• [Dataset records]:
lemma path_partition_replace:
  assumes pp: "path_partition V E S" and RS: "R \<subseteq> S" and N: "path_replacement E R N"
  shows "path_partition V E ((S - R) \<union> N)"
proof -
  have uN: "(\<Union>p\<in>N. set p) = (\<Union>p\<in>R. set p)"
    and dN: "\<forall>p\<in>N. \<forall>q\<in>N. p \<noteq> q \<longrightarrow> set p \<inter> set q = {}"
    using N by (simp_all add: path_replacement_def)
  have uS: "(\<Union>p\<in>S. set p) = V"
    and dS: "\<forall>p\<in>S. \<forall>q\<in>S. p \<noteq> q \<longrightarrow> set p \<inter> set q = {}"
    using pp by (simp_all add: path_partition_def)
  have new_old: "set p \<inter> set q = {}" if p: "p \<in> N" and q: "q \<in> S - R" for p q
  proof -
    have "set p \<subseteq> (\<Union>r\<in>R. set r)" using uN p by (metis UN_upper)
    moreover have "set r \<inter> set q = {}" if r: "r \<in> R" for r
    proof -
      have "r \<in> S" "q \<in> S" "r \<noteq> q" using r RS q by auto
      then show ?thesis using dS by blast
    qed
    ultimately show ?thesis by blast
  qed
  have disj: "set p \<inter> set q = {}"
    if p: "p \<in> (S - R) \<union> N" and q: "q \<in> (S - R) \<union> N" and pq: "p \<noteq> q" for p q
  proof (cases "p \<in> N")
    case True
    then show ?thesis using dN new_old q pq by blast
  next
    case False
    then show ?thesis using dS new_old[of q p] p q pq by (auto simp: Int_commute)
  qed
  have "(\<Union>p\<in>(S - R) \<union> N. set p) = V"
  proof -
    have "(\<Union>p\<in>(S - R) \<union> N. set p) = (\<Union>p\<in>S - R. set p) \<union> (\<Union>p\<in>R. set p)"
      using uN by (simp add: UN_Un)
    also have "\<dots> = (\<Union>p\<in>S. set p)" using RS by blast
    finally show ?thesis using uS by simp
  qed
  moreover have "finite ((S - R) \<union> N)" "\<forall>p\<in>(S - R) \<union> N. is_path E p"
    using pp N by (auto simp: path_partition_def path_replacement_def)
  ultimately show ?thesis using disj unfolding path_partition_def by blast
qed

lemma goes_toD:
  assumes "goes_to V E S x y"
  shows "E x y" "y \<in> V1 E S" "\<not> path_nbr E S x y" "x \<in> V2 V E S"
  using assms by (auto simp: goes_to_def free_edge_def)

lemma V2_has_target: "x \<in> V2 V E S \<Longrightarrow> \<exists>y. goes_to V E S x y"
  unfolding V2_def goes_to_def by blast

lemma bval_singleton: "bval V E S {x} = sum (weight E S) {y. goes_to V E S x y}"
  by (simp add: bval_def)

lemma weight_end: "y \<in> ends E S \<Longrightarrow> weight E S y = 2/3"
  by (simp add: weight_def)

lemma weight_nonneg: "0 \<le> weight E S y"
  by (simp add: weight_def)

lemma two_proper_parts_weight:
  fixes a b k :: nat
  assumes "a < k" "b < k" "a \<le> 4" "b \<le> 4"
  shows "real (a + b) * (if k \<le> 6 then 1 / real k else 0) \<le> 5/3"
proof (cases "k \<le> 6")
  case True
  then have "3 * a + 3 * b \<le> 5 * k" using assms by (cases "k \<le> 4") linarith+
  then have "3 * real (a + b) \<le> 5 * real k" by (simp add: distrib_left flip: of_nat_le_iff)
  then show ?thesis using True assms by (simp add: field_simps)
qed simp

locale canonical_partition =
  fixes V :: "'a set" and E :: "'a \<Rightarrow> 'a \<Rightarrow> bool" and S :: "'a list set"
  assumes graph: "simple_graph V E" and canonical: "canonical V E S"
begin

abbreviation targets :: "'a \<Rightarrow> 'a set" where
  "targets x \<equiv> {y. goes_to V E S x y}"

lemma adj_sym: "E u v \<Longrightarrow> E v u"
  using graph by (simp add: simple_graph_def)

lemma partition: "path_partition V E S"
  using canonical by (simp add: canonical_def)

lemma comp_path: "p \<in> S \<Longrightarrow> is_path E p"
  using partition by (simp add: path_partition_def)

lemma comp_unique: "A \<in> S \<Longrightarrow> B \<in> S \<Longrightarrow> y \<in> set A \<Longrightarrow> y \<in> set B \<Longrightarrow> A = B"
  using partition unfolding path_partition_def by blast

lemma comp_cover: "v \<in> V \<longleftrightarrow> (\<exists>p\<in>S. v \<in> set p)"
  using partition unfolding path_partition_def by blast

lemma card_le_replacement:
  assumes RS: "R \<subseteq> S" and N: "path_replacement E R N"
  shows "card R \<le> card N"
proof -
  have fS: "finite S" using partition by (simp add: path_partition_def)
  have "card S \<le> card ((S - R) \<union> N)"
    using canonical path_partition_replace[OF partition RS N] by (simp add: canonical_def)
  also have "\<dots> \<le> card (S - R) + card N" by (rule card_Un_le)
  also have "card (S - R) = card S - card R" using RS fS by (simp add: card_Diff_subset finite_subset)
  finally show ?thesis using card_mono[OF fS RS] by linarith
qed

lemma replacement_cycle_in_partition:
  assumes RS: "R \<subseteq> S" and N: "path_replacement E R N" and le: "card N \<le> card R"
    and no_cycle: "\<forall>r\<in>R. \<not> cycle_comp E r"
    and t: "t \<in> N" "cycle_comp E t"
  shows "t \<in> S"
proof (rule ccontr)
  assume tS: "t \<notin> S"
  have fS: "finite S" using partition by (simp add: path_partition_def)
  have fN: "finite N" using N by (simp add: path_replacement_def)
  have pp': "path_partition V E ((S - R) \<union> N)" by (rule path_partition_replace[OF partition RS N])
  have "card S \<le> card ((S - R) \<union> N)" using canonical pp' by (simp add: canonical_def)
  moreover have "card ((S - R) \<union> N) \<le> card S - card R + card N"
    using card_Un_le[of "S - R" N] RS fS by (simp add: card_Diff_subset finite_subset)
  moreover have "card R \<le> card S" using RS fS by (simp add: card_mono)
  ultimately have "card ((S - R) \<union> N) = card S" using le by linarith
  then have "num_cycles E ((S - R) \<union> N) \<le> num_cycles E S" using canonical pp' by (simp add: canonical_def)
  moreover have "Suc (num_cycles E S) \<le> num_cycles E ((S - R) \<union> N)"
  proof -
    have "insert t {p\<in>S. cycle_comp E p} \<subseteq> {p\<in>(S - R) \<union> N. cycle_comp E p}"
      using no_cycle t by blast
    moreover have "finite {p\<in>(S - R) \<union> N. cycle_comp E p}" using fS fN by simp
    ultimately have "card (insert t {p\<in>S. cycle_comp E p}) \<le> num_cycles E ((S - R) \<union> N)"
      unfolding num_cycles_def by (rule card_mono[rotated])
    then show ?thesis using tS fS by (simp add: num_cycles_def)
  qed
  ultimately show False by simp
qed

lemma end_comp:
  assumes "y \<in> ends E S" "A \<in> S" "y \<in> set A"
  shows "\<not> cycle_comp E A" "y = hd A \<or> y = last A"
proof -
  obtain Q where Q: "path_comp E S Q" "y = hd Q \<or> y = last Q"
    using assms(1) unfolding ends_def by blast
  then have "Q \<in> S" "Q \<noteq> []" by (auto simp: path_comp_def)
  then have "Q = A" using comp_unique assms Q(2) by (metis hd_in_set last_in_set)
  then show "\<not> cycle_comp E A" "y = hd A \<or> y = last A" using Q by (auto simp: path_comp_def)
qed

lemma V1_non_end_comp:
  assumes "y \<in> V1 E S" "y \<notin> ends E S" "A \<in> S" "y \<in> set A"
  shows "cycle_comp E A"
proof -
  obtain C where "C \<in> S" "cycle_comp E C" "y \<in> set C"
    using assms unfolding V1_def cyc_verts_def by blast
  then show ?thesis using comp_unique assms by blast
qed

lemma V1_comp_path_from:
  assumes "y \<in> V1 E S"
  obtains A L where "A \<in> S" "y \<in> set A" "is_path E L" "set L = set A" "hd L = y"
proof (cases "y \<in> ends E S")
  case True
  then obtain Q where Q: "path_comp E S Q" "y = hd Q \<or> y = last Q" unfolding ends_def by blast
  then have QS: "Q \<in> S" and Qne: "Q \<noteq> []" by (auto simp: path_comp_def)
  then have yQ: "y \<in> set Q" using Q by auto
  have pQ: "is_path E Q" "is_path E (rev Q)" using comp_path[OF QS] is_path_rev adj_sym by auto
  show ?thesis
  proof (cases "y = hd Q")
    case True then show ?thesis using that[OF QS yQ pQ(1)] by simp
  next
    case False
    then have "y = hd (rev Q)" using Q(2) Qne by (simp add: hd_rev)
    then show ?thesis using that[OF QS yQ pQ(2)] by simp
  qed
next
  case False
  then obtain A where A: "A \<in> S" "cycle_comp E A" "y \<in> set A"
    using assms unfolding V1_def cyc_verts_def by blast
  moreover have "distinct A" using comp_path[OF A(1)] by (simp add: is_path_def)
  ultimately obtain L where "is_path E L" "set L = set A" "hd L = y"
    using cycle_comp_path_from[OF A(2)] by blast
  then show ?thesis using that A by blast
qed

lemma card_cycle_comp: "A \<in> S \<Longrightarrow> cycle_comp E A \<Longrightarrow> 3 \<le> card (set A)"
  using comp_path by (simp add: is_path_def cycle_comp_def distinct_card)

lemma weight_cycle_comp:
  assumes "A \<in> S" "cycle_comp E A" "y \<in> set A"
  shows "weight E S y = (if card (set A) \<le> 6 then 1 / real (card (set A)) else 0)"
proof -
  have "cycle_of E S y = A" unfolding cycle_of_def
    using assms comp_unique by (intro the_equality) auto
  moreover have "y \<notin> ends E S" using end_comp(1) assms by blast
  moreover have "y \<in> cyc_verts E S" using assms by (auto simp: cyc_verts_def)
  ultimately show ?thesis by (simp add: weight_def)
qed

lemma sum_weight_cycle_comp:
  assumes "A \<in> S" "cycle_comp E A" "T \<subseteq> set A"
  shows "sum (weight E S) T = real (card T) * (if card (set A) \<le> 6 then 1 / real (card (set A)) else 0)"
proof -
  have "sum (weight E S) T = sum (\<lambda>_. if card (set A) \<le> 6 then 1 / real (card (set A)) else 0) T"
    by (rule sum.cong) (use assms weight_cycle_comp in auto)
  then show ?thesis by simp
qed

lemma weight_non_end:
  assumes "y \<in> V1 E S" "y \<notin> ends E S"
  shows "weight E S y \<le> 1/3"
proof -
  obtain A where A: "A \<in> S" "y \<in> set A" using assms unfolding V1_def cyc_verts_def by blast
  then have "cycle_comp E A" using V1_non_end_comp assms by blast
  then have "3 \<le> card (set A)" "weight E S y = (if card (set A) \<le> 6 then 1 / real (card (set A)) else 0)"
    using A card_cycle_comp weight_cycle_comp by auto
  then show ?thesis by (simp add: divide_simps)
qed

lemma weight_V1: "y \<in> V1 E S \<Longrightarrow> weight E S y \<le> 2/3"
  using weight_end weight_non_end by (cases "y \<in> ends E S") fastforce+

lemma path_nbr_adj: "path_nbr E S u v \<Longrightarrow> E u v"
  unfolding path_nbr_def path_comp_def using comp_path adj_sym by (auto simp: is_path_def)

lemma card_targets:
  assumes deg: "card {u\<in>V. E x u} = k" and a: "path_nbr E S x a" and b: "path_nbr E S x b"
    and ab: "a \<noteq> b"
  shows "finite (targets x)" "card (targets x) \<le> k - 2"
proof -
  let ?N = "{u\<in>V. E x u}"
  have fN: "finite ?N" using graph by (simp add: simple_graph_def)
  have "a \<in> ?N" "b \<in> ?N" using a b path_nbr_adj graph by (auto simp: simple_graph_def)
  then have "card (?N - {a, b}) = k - 2" using deg ab fN by (simp add: card_Diff_subset)
  moreover have "targets x \<subseteq> ?N - {a, b}" using a b graph
    by (auto dest: goes_toD simp: simple_graph_def)
  moreover have "finite (?N - {a, b})" using fN by simp
  ultimately show "finite (targets x)" "card (targets x) \<le> k - 2"
    using finite_subset card_mono by metis+
qed

lemma no_path_joining_comps:
  assumes "A \<in> S" "B \<in> S" "A \<noteq> B" "is_path E p" "set p = set A \<union> set B"
  shows False
proof -
  have "path_replacement E {A, B} {p}" using assms by (auto simp: path_replacement_def)
  then have "card {A, B} \<le> card {p}" using card_le_replacement[of "{A, B}"] assms by blast
  then show False using assms(3) by simp
qed

end

text \<open>P is the path component P0 read in either direction, so everything proved about the
  pair (x1, x2) also applies to (x2, x1) by reading P backwards.\<close>

locale split_path = canonical_partition +
  fixes P0 P :: "'a list" and i :: nat
  assumes regular: "regular V E 6" and path_comp_P0: "path_comp E S P0"
    and orientation: "P = P0 \<or> P = rev P0" and split: "Suc i < length P"
    and x1_V2: "P ! i \<in> V2 V E S" and x2_V2: "P ! Suc i \<in> V2 V E S"
begin

abbreviation "x1 \<equiv> P ! i"
abbreviation "x2 \<equiv> P ! Suc i"
abbreviation "o1 \<equiv> hd P"
abbreviation "o2 \<equiv> last P"
abbreviation "front \<equiv> take (Suc i) P"
abbreviation "rear \<equiv> drop (Suc i) P"

lemma P0_in_S: "P0 \<in> S" and P0_not_cycle: "\<not> cycle_comp E P0"
  using path_comp_P0 by (auto simp: path_comp_def)

lemma set_P: "set P = set P0" and length_P: "length P = length P0"
  using orientation by auto

lemma path_P: "is_path E P"
  using orientation comp_path[OF P0_in_S] is_path_rev[of E P0] adj_sym by blast

lemma distinct_P: "distinct P" and P_ne: "P \<noteq> []"
  using path_P by (simp_all add: is_path_def)

lemma other_comp_disjoint: "A \<in> S \<Longrightarrow> A \<noteq> P0 \<Longrightarrow> set A \<inter> set P = {}"
  using partition P0_in_S set_P unfolding path_partition_def by auto

lemma path_nbr_P:
  assumes "Suc j < length P" shows "path_nbr E S (P ! j) (P ! Suc j)"
proof (cases "P = P0")
  case True then show ?thesis
    using assms path_comp_P0 unfolding path_nbr_def by metis
next
  case False
  then have r: "P = rev P0" using orientation by simp
  let ?k = "length P0 - Suc (Suc j)"
  have "Suc ?k < length P0" using assms length_P by simp
  moreover have "P ! j = P0 ! Suc ?k" "P ! Suc j = P0 ! ?k"
    using assms r by (simp_all add: rev_nth Suc_diff_Suc)
  ultimately show ?thesis using path_comp_P0 unfolding path_nbr_def by metis
qed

• [What the exercise asks]:
From the very first line of the records down to the line with "p) = (\<Union>p\<in>R.", please write out each line exactly, including both ends and no other lines.

• [Response to this exercise]:
lemma path_partition_replace:
  assumes pp: "path_partition V E S" and RS: "R \<subseteq> S" and N: "path_replacement E R N"
  shows "path_partition V E ((S - R) \<union> N)"
proof -
  have uN: "(\<Union>p\<in>N. set p) = (\<Union>p\<in>R. set p)"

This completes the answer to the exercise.